California Kelp Watch 2014… If absolutely nothing is being found even quite near Fukushima, interesting why experts suddenly decided to start testing California kelps.  Or perhaps that is why they waited so long:

“Researchers from California State University, Long Beach (CSULB) and the Lawrence Berkeley National Laboratory have launchedKelp Watch 2014,” a scientific campaign designed to determine the extent of radioactive contamination of the state’s kelp forest from Japan’s damaged Fukushima nuclear power plant…”  See more at: http://newscenter.lbl.gov/science-shorts/2014/01/13/berkeley-lab-and-cal-state-long-beach-researchers-launch-‘kelp-watch’-to-determine-extent-of-fukushima-contamination/  Problem with that study, though, is that Lawrence Berkeley National Laboratory is a cornerstone of the nuclear establishment, unlikely to put up a fight if industry goons were to dictate the suppression (or spinning) of data.   Regardless of actual findings, I consider it rather unlikely they’ll find anything “above levels of concern” in any case.

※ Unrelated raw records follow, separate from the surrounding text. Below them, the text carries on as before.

text \<open>
  For vectors x, d of a real inner product space with norm d \<le> w, the vector
  x + d has squared norm at most z = |x|^2 + w^2 + 2 (x \<bullet> d), which is a convex combination of
  (|x| - w)^2 and (|x| + w)^2 with weights affine in x \<bullet> d. Convexity of z \<mapsto> cosh (l sqrt z) on
  [0, \<infinity>) therefore gives
    cosh (l |x + d|) \<le> cosh (l |x|) cosh (l w) + \<kappa> (x \<bullet> d),
  where \<kappa> depends only on |x| and w. If d = f (k + 1) - f k is a martingale increment and w is
  predictable, the last term integrates to 0 against every event of F k, so
    G k = cosh (l |f k - f 0|) / (cosh (l w 1) * ... * cosh (l w k))
  is a nonnegative supermartingale with G 0 = 1. Doob's maximal inequality bounds the probability
  that some G k exceeds c by 1 / c. Since cosh t \<ge> exp t / 2 and cosh t \<le> exp (t^2 / 2), the
  denominator is at most exp (l^2 b / 2), so the probability that some |f k - f 0| exceeds s is at
  most 2 exp (l^2 b / 2 - l s); the choice l = s / b gives 2 exp (- s^2 / (2 b)).
\<close>

section \<open>Pinelis' inequality for cosh of a norm\<close>

lemma sinh_le_mult_cosh:
  fixes u :: real
  assumes "0 \<le> u"
  shows "sinh u \<le> u * cosh u"
proof -
  have "(\<lambda>t. t * cosh t - sinh t) 0 \<le> (\<lambda>t. t * cosh t - sinh t) u"
  proof (rule DERIV_nonneg_imp_nondecreasing[OF assms])
    fix t :: real assume "0 \<le> t"
    then show "\<exists>y. ((\<lambda>t. t * cosh t - sinh t) has_real_derivative y) (at t) \<and> 0 \<le> y"
      by (intro exI[of _ "t * sinh t"]) (auto intro!: derivative_eq_intros)
  qed
  then show ?thesis by simp
qed

lemma abs_sinh_le_mult_cosh:
  fixes l u :: real
  assumes "0 \<le> l"
  shows "\<bar>sinh (l * u)\<bar> \<le> l * \<bar>u\<bar> * cosh (l * u)"
proof -
  have "l * \<bar>u\<bar> = \<bar>l * u\<bar>" using assms by (simp add: abs_mult)
  then show ?thesis using sinh_le_mult_cosh[of "\<bar>l * u\<bar>"] by simp
qed

lemma cosh_mult_abs: "cosh (l * \<bar>u\<bar>) = cosh (l * u :: real)"
  by (metis abs_abs abs_mult cosh_real_abs)

lemma cosh_mult_mono:
  fixes l u v :: real
  assumes "0 \<le> u" "u \<le> v"
  shows "cosh (l * u) \<le> cosh (l * v)"
proof -
  have "\<bar>l * u\<bar> \<le> \<bar>l * v\<bar>" using assms by (simp add: abs_mult mult_left_mono)
  then show ?thesis by (metis abs_ge_zero cosh_real_abs cosh_real_nonneg_le_iff)
qed

lemma cosh_le_exp_square_half:
  fixes u :: real
  shows "cosh u \<le> exp (u\<^sup>2 / 2)"
proof -
  have "ln (cosh v) \<le> v\<^sup>2 / 2" if "0 \<le> v" for v :: real
  proof -
    have "(\<lambda>t. t\<^sup>2 / 2 - ln (cosh t)) 0 \<le> (\<lambda>t. t\<^sup>2 / 2 - ln (cosh t)) v"
    proof (rule DERIV_nonneg_imp_nondecreasing[OF that])
      fix t :: real assume "0 \<le> t"
      then have "0 \<le> t - sinh t / cosh t"
        using sinh_le_mult_cosh[of t] by (simp add: field_simps)
      then show "\<exists>y. ((\<lambda>t. t\<^sup>2 / 2 - ln (cosh t)) has_real_derivative y) (at t) \<and> 0 \<le> y"
        by (intro exI[of _ "t - sinh t / cosh t"]) (auto intro!: derivative_eq_intros)
    qed
    then show ?thesis by simp
  qed
  from this[of "\<bar>u\<bar>"] have "ln (cosh u) \<le> u\<^sup>2 / 2" by simp
  then show ?thesis by (metis cosh_real_pos exp_le_cancel_iff exp_ln)
qed

lemma sinh_div_self_mono:
  fixes x y :: real
  assumes "0 < x" "x \<le> y"
  shows "sinh x / x \<le> sinh y / y"
proof (rule DERIV_nonneg_imp_nondecreasing[OF assms(2)])
  fix t assume "x \<le> t"
  then have t: "0 < t" using assms(1) by simp
  then have "0 \<le> (cosh t * t - sinh t) / t\<^sup>2"
    using sinh_le_mult_cosh[of t] by (simp add: algebra_simps)
  moreover have "((\<lambda>t. sinh t / t) has_real_derivative (cosh t * t - sinh t) / t\<^sup>2) (at t)"
    using t by (auto intro!: derivative_eq_intros simp: power2_eq_square)
  ultimately show "\<exists>y. ((\<lambda>t. sinh t / t) has_real_derivative y) (at t) \<and> 0 \<le> y" by blast
qed

lemma convex_on_atLeastI:
  fixes f :: "real \<Rightarrow> real"
  assumes cont: "continuous_on {a..} f" and convex: "convex_on {a<..} f"
  shows "convex_on {a..} f"
proof (rule convex_on_linorderI)
  fix t x y :: real assume t: "0 < t" "t < 1" and xy: "x \<in> {a..}" "y \<in> {a..}" "x < y"
  have ev: "\<forall>\<^sub>F x' in at_right x. f ((1 - t) * x' + t * y) \<le> (1 - t) * f x' + t * f y"
    using eventually_at_right_less[of x]
  proof (rule eventually_mono)
    fix x' assume "x < x'"
    then show "f ((1 - t) * x' + t * y) \<le> (1 - t) * f x' + t * f y"
      using convex_onD[OF convex, of t x' y] t xy by auto
  qed
  have lim: "((\<lambda>x'. f (g x')) \<longlongrightarrow> f (g x)) (at_right x)"
    if "continuous_on UNIV g" "\<And>x'. x \<le> x' \<Longrightarrow> g x' \<in> {a..}" for g
  proof (rule continuous_on_tendsto_compose[OF cont])
    show "(g \<longlongrightarrow> g x) (at_right x)"
      using that(1)
      by (intro filterlim_at_split[THEN iffD1, THEN conjunct2]) (simp add: continuous_on_def)
    show "\<forall>\<^sub>F x' in at_right x. g x' \<in> {a..}"
      using eventually_at_right_less[of x] by eventually_elim (use that(2) in auto)
  qed (use that(2) in auto)
  have "((\<lambda>x'. f ((1 - t) * x' + t * y)) \<longlongrightarrow> f ((1 - t) * x + t * y)) (at_right x)"
  proof (intro lim)
    fix x' assume "x \<le> x'"
    then have "(1 - t) * a \<le> (1 - t) * x'" "t * a \<le> t * y"
      using t xy by (auto intro!: mult_left_mono)
    then show "(1 - t) * x' + t * y \<in> {a..}" by (simp add: algebra_simps)
  qed (auto intro!: continuous_intros)
  moreover have "((\<lambda>x'. (1 - t) * f x' + t * f y) \<longlongrightarrow> (1 - t) * f x + t * f y) (at_right x)"
    using xy by (intro tendsto_intros lim[of id, simplified]) auto
  ultimately show "f ((1 - t) *\<^sub>R x + t *\<^sub>R y) \<le> (1 - t) * f x + t * f y"
    using tendsto_le[OF trivial_limit_at_right_real _ _ ev] by simp
qed simp

lemma convex_on_cosh_sqrt: "convex_on {0..} (\<lambda>z. cosh (l * sqrt z))"
proof -
  have "convex_on {0..} (\<lambda>z. cosh (k * sqrt z))" if k: "0 < k" for k :: real
  proof (rule convex_on_atLeastI)
    show "continuous_on {0..} (\<lambda>z. cosh (k * sqrt z))" by (intro continuous_intros)
    let ?f' = "\<lambda>z. k\<^sup>2 / 2 * (sinh (k * sqrt z) / (k * sqrt z))"
    show "convex_on {0<..} (\<lambda>z. cosh (k * sqrt z))"
    proof (rule convex_on_realI[where f' = ?f'])
      fix z :: real assume "z \<in> {0<..}"
      then show "((\<lambda>z. cosh (k * sqrt z)) has_real_derivative ?f' z) (at z)"
        using k by (auto intro!: derivative_eq_intros simp: power2_eq_square field_simps)
    next
      fix y z :: real assume "y \<in> {0<..}" "z \<in> {0<..}" "y \<le> z"
      then show "?f' y \<le> ?f' z"
        using k by (intro mult_left_mono sinh_div_self_mono) auto
    qed simp
  qed
  moreover have "(\<lambda>z. cosh (l * sqrt z)) = (\<lambda>z. cosh (\<bar>l\<bar> * sqrt z))"
    by (metis abs_abs abs_mult cosh_real_abs)
  ultimately show ?thesis
    by (cases "l = 0") (simp_all add: convex_on_const)
qed

lemma cosh_norm_add_le:
  fixes x d :: "'a::real_inner" and l w :: real
  assumes "norm d \<le> w"
  shows "cosh (l * norm (x + d))
    \<le> cosh (l * norm x) * cosh (l * w) + sinh (l * norm x) * sinh (l * w) / (norm x * w) * (x \<bullet> d)"
proof -
  define a p where "a = norm x" and "p = x \<bullet> d"
  consider "w = 0" | "a = 0" | "0 < a" "0 < w"
    using assms norm_ge_zero[of d] a_def by fastforce
  then show ?thesis
  proof cases
    case 1
    then show ?thesis using assms by simp
  next
    case 2
    then show ?thesis using assms by (simp add: a_def cosh_mult_mono)
  next
    case 3
    have p: "\<bar>p\<bar> \<le> a * w"
      using Cauchy_Schwarz_ineq2[of x d] assms 3 unfolding a_def p_def
      by (meson mult_left_mono norm_ge_zero order_trans)
    define z where "z = a\<^sup>2 + w\<^sup>2 + 2 * p"
    define \<theta> where "\<theta> = (1 + p / (a * w)) / 2"
    have \<theta>: "0 \<le> \<theta>" "\<theta> \<le> 1"
      using p 3 unfolding \<theta>_def by (auto simp: field_simps abs_le_iff)
    have z: "z = (1 - \<theta>) * (a - w)\<^sup>2 + \<theta> * (a + w)\<^sup>2"
      using 3 unfolding z_def \<theta>_def by (simp add: field_simps power2_eq_square)
    have "(norm (x + d))\<^sup>2 = a\<^sup>2 + 2 * p + (norm d)\<^sup>2"
      unfolding a_def p_def power2_norm_eq_inner by (simp add: inner_add inner_commute)
    also have "\<dots> \<le> z" unfolding z_def using assms by (auto intro!: power_mono)
    finally have "cosh (l * norm (x + d)) \<le> cosh (l * sqrt z)"
      by (intro cosh_mult_mono) (auto simp: real_le_rsqrt)
    also have "\<dots> \<le> (1 - \<theta>) * cosh (l * sqrt ((a - w)\<^sup>2)) + \<theta> * cosh (l * sqrt ((a + w)\<^sup>2))"
      using convex_onD[OF convex_on_cosh_sqrt, of \<theta> "(a - w)\<^sup>2" "(a + w)\<^sup>2"] \<theta> z by simp
    also have "\<dots> = (1 - \<theta>) * cosh (l * a - l * w) + \<theta> * cosh (l * a + l * w)"
      using 3 by (simp add: cosh_mult_abs algebra_simps)
    also have "\<dots> = cosh (l * a) * cosh (l * w) + sinh (l * a) * sinh (l * w) / (a * w) * p"
      using 3 unfolding cosh_add cosh_diff \<theta>_def by (simp add: field_simps)
    finally show ?thesis unfolding a_def p_def .
  qed
qed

– This summer 2013, Tohoku University researchers have focused their studies off the coast of Soma about 50 km north of the Fukushima No. 1 plant. Researchers from Tokyo University of Marine Science and Technology have handled the area off the coast of Iwaki 35 to 50 km south of the plant.

Read the August 12, 2013 article in the Asahi Shimbun.  On seaweeds, it reported [my emphasis]: “[…] The three-member team led by Yukio Agatsuma, a professor of marine plant ecology at Tohoku University, collected about 20 types of seaweed and 30 kinds of marine creatures from three areas on the seabed. They remained in each area for 30 to 40 minutes. […]  Among the seaweed collected, the highest radioactivity levels have been 59 becquerels. [of Cesium per Kg]  […]”

!–> That’s FUKUSHIMA seaweed measuring a mere 59 Bq/kg of radioCesium (either 137 or combined Cs-137 & Cs-134, didn’t specify in the article) this summer 2013.   Technically edible.

Greenpeace (2011) tested some seaweed from near Iwaki in the Fukushima Prefecture in July 2011, with the highest in that report showing Cs-134 + Cs-137 measuring 366.1 Bq/kg:

Annotated Excerpt from: http://www.greenpeace.org/japan/Global/japan/pdf/110809GP_MarineResearch_Data.pdf CLICK TO SEE ORIGINAL DOCUMENT AT GREENPEACE

Annotated Excerpt from: http://www.greenpeace.org/japan/Global/japan/pdf/110809GP_MarineResearch_Data.pdf
CLICK IMAGE to see complete original document at Greenpeace (also showing fish test results).  July 2011

Additional Greenpeace sample results from earlier in 2011 showed higher levels for a couple samples (none of those were Laminaria Japonica, the main Kelp, used for Kombu), the highest one, a Fukushima seaweed, sampled May 5, 2011, measured 1390 Bq/Kg Cs-134 + 1450 Bq/kg Cs-137 (see Greenpeace document for I-131, margin or errors, etc.), thus a whopping 2,840 Bq/kg of Cs-134 + Cs-137 total.  See also HERE.

Anyhow, not much recent data, and still haven’t found ANY data for Hokkaido Kelp…

And articles like, “Jane Says: Eating Kelp Isn’t Going to Make You Radioactive” aren’t helpful either, as the writer has NO IDEA about Kelp contamination either (otherwise, show me the data!), but instead makes a lot of assumptions, after linking to nuclear-promoting IAEA statements, 2011 studies that have no relevance right now, and assurances from seafood businesses with major financial stakes in the matter.

Only Valid Conclusion at this point (for me):  ‘uncertainty’

We don’t actually KNOW what the radiation situation for most of our food is.  Not enough samples are being lab-tested, and Geiger Counter tests just don’t cut it by themselves at this point.  

Curious to what my own independent lab tests will reveal about the food samples I bought in Japan…

[Last edited:  March 22, 2014 – References to a known nonsense-spreading fear-monger have been removed.]